Jour 3 : Azambuja – Santarém, 35km, 9h.

Je me lève comme les autres à 6h mais dû à mon inefficacité crasse, je suis le dernier à partir à 7h. Perdu dans mes pensées, je prends la mauvaise direction mais c’est favorable car je tombe sur une boulangerie qui me servira un délicieux café com leiche et croissant mixte.

Quoi de mieux pour débuter la journée ?

Il est 7h30 lorsque j’entame cette étape qui est longue, plus de 30km, difficile, et avec peu de possibilités de logement à l’arrivée. Jacques et bien d’autres ont réservé, pas moi. Je continue obtu et considère que ça va à l’encontre de l’esprit du Caminho où tu t’en remets à Santiago. J’ai toujours la foi, je trouverai une couche.

Pas de possibilité d’étendre le linge lavé alors tu comptes sur le soleil

Finalement j’aurais dû prendre une demi pointure de plus pour mes chaussures de marche. Hier je me suis fait une ampoule au petit doigt du pied droit qui rajoute à la douleur de ma hanche gauche.
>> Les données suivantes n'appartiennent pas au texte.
definition state_of :: "stream list \<Rightarrow> (nat \<Rightarrow> action) \<Rightarrow> nat \<Rightarrow> lock_state" where
  "state_of S \<sigma> t =
     \<lparr>phase = t mod common_period S, last_dir = last_proc \<sigma> t,
      queues = (\<lambda>d. queue S \<sigma> d t), waited = (0 < t \<and> \<sigma> t = Wait)\<rparr>"

definition state_cost :: "lock_state \<Rightarrow> real" where
  "state_cost x = real (queues x Down + queues x Up)"

lemma state_of_0: "state_of S \<sigma> 0 = lock_init"
  by (simp add: state_of_def lock_init_def)

lemma state_of_Suc: "state_of S \<sigma> (Suc t) = lock_step S (state_of S \<sigma> t) (\<sigma> (Suc t))"
proof -
  have "arr_dir S d (Suc (t mod common_period S)) = arr_dir S d (Suc t)" for d
    by (metis arr_dir_mod_common_period mod_Suc_eq)
  then show ?thesis
    by (auto simp: state_of_def lock_step_def mod_Suc_eq split: action.split)
qed

lemma state_cost_state_of: "state_cost (state_of S \<sigma> t) = real (cost S \<sigma> t)"
  by (simp add: state_cost_def state_of_def cost_def)

lemma walk_state_of:
  assumes "\<And>t. allowed (state_of S \<sigma> t) (\<sigma> (Suc t))"
  shows "walk (lock_edge S) lock_init (state_of S \<sigma>)"
  using assms by (auto simp: walk_def lock_edge_def state_of_0 state_of_Suc)

text \<open>\<open>k\<close> bounds the arrivals per period. A queue is emptied when processed and, since
  processings alternate and waits are never consecutive, it grows for at most three periods
  before being processed again.\<close>

definition bounded_state :: "stream list \<Rightarrow> lock_state \<Rightarrow> bool" where
  "bounded_state S x \<longleftrightarrow> phase x < common_period S \<and>
     (let k = length S; b = (if waited x then k else 0) in
      case last_dir x of
        None \<Rightarrow> queues x Down \<le> b \<and> queues x Up \<le> b
      | Some d \<Rightarrow> queues x d \<le> b \<and> queues x (opposite d) \<le> b + 2 * k)"

lemma bounded_state_lock_step:
  assumes "valid_streams S" "bounded_state S x" "allowed x a"
  shows "bounded_state S (lock_step S x a)"
proof -
  have "a = Wait \<or> a = Proc Down \<or> a = Proc Up"
    by (metis action.exhaust dir.exhaust)
  moreover have "last_dir x = None \<or> last_dir x = Some Down \<or> last_dir x = Some Up"
    by (metis option.exhaust dir.exhaust)
  ultimately show ?thesis
    using assms common_period_pos[OF assms(1)]
      arr_dir_le_length[of S Down "Suc (phase x)"] arr_dir_le_length[of S Up "Suc (phase x)"]
    by (elim disjE)
      (auto simp: bounded_state_def allowed_def lock_step_def Let_def split: if_splits)
qed

lemma finite_bounded_states: "finite {x. bounded_state S x}"
proof -
  define k where "k = 3 * length S"
  let ?mk = "\<lambda>(p, l, q, w). \<lparr>phase = p, last_dir = l, queues = q, waited = w\<rparr>"
  have "finite {q :: dir \<Rightarrow> nat. \<forall>d. q d \<in> {..k}}"
    using finite_set_of_finite_funs[of "UNIV :: dir set" "{..k}"] by simp
  then have "finite (?mk ` ({..<common_period S} \<times> UNIV \<times> {q. \<forall>d. q d \<in> {..k}} \<times> UNIV))"
    by simp
  moreover have "{x. bounded_state S x}
      \<subseteq> ?mk ` ({..<common_period S} \<times> UNIV \<times> {q. \<forall>d. q d \<in> {..k}} \<times> UNIV)"
  proof
    fix x assume "x \<in> {x. bounded_state S x}"
    moreover have "last_dir x = None \<or> last_dir x = Some Down \<or> last_dir x = Some Up"
      by (metis option.exhaust dir.exhaust)
    ultimately have "phase x < common_period S" "queues x Down \<le> k" "queues x Up \<le> k"
      by (auto simp: bounded_state_def k_def Let_def split: if_splits)
    moreover have "queues x d \<le> k" for d
      using calculation by (cases d) auto
    ultimately show "x \<in> ?mk ` ({..<common_period S} \<times> UNIV \<times> {q. \<forall>d. q d \<in> {..k}} \<times> UNIV)"
      by (intro image_eqI[of _ _ "(phase x, last_dir x, queues x, waited x)"]) auto
  qed
  ultimately show ?thesis by (rule finite_subset[rotated])
qed

section \<open>Filling idle periods\<close>

text \<open>\<open>fill \<sigma>\<close> keeps every processing of \<open>\<sigma>\<close> and processes in every idle period, except
  for a wait right before a processing of \<open>\<sigma>\<close> that would otherwise find the lock in the wrong
  alignment. Hence it never waits twice in a row and its queues are never longer.\<close>

definition fill_action :: "(nat \<Rightarrow> action) \<Rightarrow> nat \<Rightarrow> dir option \<Rightarrow> action" where
  "fill_action \<sigma> t ori = (case \<sigma> t of
     Proc d \<Rightarrow> Proc d
   | Wait \<Rightarrow> (case \<sigma> (Suc t) of
       Proc e \<Rightarrow> if ori = Some (opposite e) then Wait else Proc (opposite e)
     | Wait \<Rightarrow> Proc (case ori of Some d \<Rightarrow> opposite d | None \<Rightarrow> Down)))"
lemma card_curve_points:
  fixes a :: "'a::{finite,field}"
  assumes nsq: "\<nexists>z::'a. z^2 = -1"
  shows "card (curve_points a 0) = CARD('a) + 1"
proof -
  define f where "f x = x^3 + a*x" for x :: 'a
  define roots where "roots c = {y::'a. y^2 = c}" for c
  \<comment> \<open>f is odd, so averaging over x and -x gives one square root of f x per x.\<close>
  have "(\<Sum>x\<in>UNIV. card (roots (f x))) = (\<Sum>x\<in>UNIV. card (roots (f (-x))))"
    by (rule sum.reindex_bij_witness[of _ uminus uminus]) auto
  then have "2 * (\<Sum>x\<in>UNIV. card (roots (f x))) =
      (\<Sum>x\<in>UNIV. card (roots (f x)) + card (roots (- f x)))"
    by (simp add: sum.distrib f_def)
  also have "\<dots> = 2 * CARD('a)"
    using card_square_roots_add_neg[OF nsq] by (simp add: roots_def)
  finally have sum_roots: "(\<Sum>x\<in>UNIV. card (roots (f x))) = CARD('a)" by simp
  let ?affine = "(\<lambda>(x, y). Aff x y) ` (SIGMA x:UNIV. roots (f x))"
  have "curve_points a 0 = insert Infty ?affine"
  proof (rule Set.set_eqI)
    show "P \<in> curve_points a 0 \<longleftrightarrow> P \<in> insert Infty ?affine" for P
      by (cases P) (auto simp: curve_points_def on_curve_def f_def roots_def)
  qed
  moreover have "card ?affine = CARD('a)"
    using sum_roots by (subst card_image) (auto simp: inj_on_def)
  moreover have "Infty \<notin> ?affine" by auto
  ultimately show ?thesis by simp
qed

section \<open>Abelian groups with a unique involution\<close>

lemma (in group) nat_pow_cong:
  assumes x: "x \<in> carrier G" and "x [^] (N::nat) = \<one>" and "[a = b] (mod N)"
  shows "x [^] a = x [^] b"
proof -
  have "ord x dvd N" using assms(1,2) by (simp add: pow_eq_id)
  with assms(3) have "[int a = int b] (mod int (ord x))"
    by (simp add: cong_int_iff cong_dvd_modulus_nat)
  then have "x [^] int a = x [^] int b"
    using x by (simp add: int_pow_eq cong_iff_dvd_diff dvd_diff_commute)
  then show ?thesis by (simp add: int_pow_int)
qed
Comme ça je boîte des deux jambes !

Bonne idée, sa maison sur un bateau

L’étape du jour est agricole avec des champs, des fermes et beaucoup de tracteurs. Je vois un peu plus de pèlerins aujourd’hui, Harry un irlandais et tout un groupe qui passe en faisant beaucoup de bruit…. pas trop dans l’esprit du Caminho.

Après Valada ça devient dur. De la terre battue, de la poussière, tu ne croises personne et il n’y a ni hôtel, ni restaurant, ni bar, ni point d’eau, pas de banc, même pas un tronc ou une pierre pour t’asseoir. Et tout ça pendant des heures, sur 16km et sous un soleil de plomb.

En fait ça me brûle sur les bras et la nuque et je décide de mettre mon chapeau du désert.

Un soleil de plomb qui te brûle

Je souffre de partout, Santarém semble inaccessible et même le moral en prend un coup. En plus, les derniers kilomètres sont en montée ! C’est certainement l’une des épreuves les plus difficiles que j’aie subie. Je suis détruit et prie Santiago de m’assurer une couche à l’arrivée : je n’aurais pas d’énergie pour marcher les 12km supplémentaires pour trouver un autre un gîte potentiel.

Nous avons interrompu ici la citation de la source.